Hi All,

I haven't posted a silly question in a while, and didn't want to break my 
streak...

I have a table like this:

        id |      make | model | year  | value
---------+-----------+--------+-------+-------
       57 |            2 |        0 |       4 |  4750
       57 |            2 |        3 |       4 |  4750
       57 |            2 |        0 |       0 |  4750
       57 |            2 |        0 |       3 |  4750
       57 |            2 |        3 |       0 |  4750
       57 |            2 |        3 |       3 |  4750
         2 |            2 |        0 |       3 |  4750
         2 |            2 |        3 |       3 |  4750
         2 |            2 |        0 |       4 |  4350
         2 |            2 |        3 |       4 |  4350
         2 |            2 |        0 |       0 |  4750
         2 |            2 |        0 |       5 |  4750
         2 |            2 |        3 |       0 |  4750
         2 |            2 |        3 |       5 |  4750                        
                                                                            
I want to be able to select from this table like this:

select 
        <numbering magic>, id, value
  from 
        mytable 
 where 
        make=2 
        model=3 
        and year=5 
 order by score desc; 

which would return this:
nbring |        id | value
-------+---------+-------
       1 |       57 |  4750
       2 |         2 |  4350

Everything is working swimmingly, except for the numbering magic.  As you can 
see there are several variations of data in that table, so I can't use a 
serial on the table directly.

Further, this table is likely to change on a minute by minute basis, so I 
don't want to create a permanent numbering that will just have to be changed.
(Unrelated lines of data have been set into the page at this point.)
lemma Tpoly_abs_step:
  assumes "2 \<le> \<bar>x\<bar>"
  shows "\<bar>Tpoly n x\<bar> + 1 \<le> \<bar>Tpoly (Suc n) x\<bar>"
proof (induction n)
  case (Suc n)
  have "2 * \<bar>Tpoly (Suc n) x\<bar> \<le> \<bar>x * Tpoly (Suc n) x\<bar>"
    unfolding abs_mult using assms by (intro mult_right_mono) auto
  then show ?case using Suc.IH by simp
qed simp

lemma Tpoly_abs_ge:
  assumes "2 \<le> \<bar>x\<bar>"
  shows "real n \<le> \<bar>Tpoly n x\<bar>"
proof (induction n)
  case (Suc n)
  with Tpoly_abs_step[OF assms, of n] show ?case by simp
qed simp

lemma integrable_poly:
  fixes \<mu> :: "real measure"
  assumes "\<And>k. integrable \<mu> (\<lambda>x. x ^ k)"
  shows "integrable \<mu> (\<lambda>x. poly p x)"
  unfolding poly_altdef using assms by (intro Bochner_Integration.integrable_sum integrable_mult_right) auto

lemma integrable_Tpoly_square:
  assumes "moment_solution s \<mu>"
  shows "integrable \<mu> (\<lambda>x. Tpoly n x * Tpoly n x)"
proof -
  have "integrable \<mu> (\<lambda>x. poly (Tpolynomial n * Tpolynomial n) x)"
    using assms by (intro integrable_poly) (simp add: moment_solution_def)
  then show ?thesis by (simp add: poly_Tpolynomial)
qed

lemma moment_solution_real_distribution:
  assumes "moment_solution s \<mu>" and "s 0 = 1"
  shows "real_distribution \<mu>"
proof -
  have "integrable \<mu> (\<lambda>x. x ^ 0)" and "(\<integral>x. x ^ 0 \<partial>\<mu>) = s 0"
    using assms(1) unfolding moment_solution_def by blast+
  then have "integrable \<mu> (\<lambda>x. 1::real)" and "(\<integral>x. 1 \<partial>\<mu>) = (1::real)"
    using assms(2) by simp_all
  then have "(\<integral>\<^sup>+x. ennreal 1 \<partial>\<mu>) = 1"
    by (subst nn_integral_eq_integral) auto
  then have "prob_space \<mu>" by (intro prob_spaceI) (simp add: nn_integral_const)
  with assms(1) show ?thesis
    by (simp add: moment_solution_def real_distribution_def real_distribution_axioms_def)
qed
I thought about creating a temporary table with a serial and selecting into 
that so that a numbering is created and then returning rows from that, but 
that sounds like much busywork for the database.

It sounds easiest to me to just punt and number the rows as they are returned 
in my calling application...

What's the best approach here?

-- 
Ken Corey, CTO    Atomic Interactive, Ltd.   [EMAIL PROTECTED]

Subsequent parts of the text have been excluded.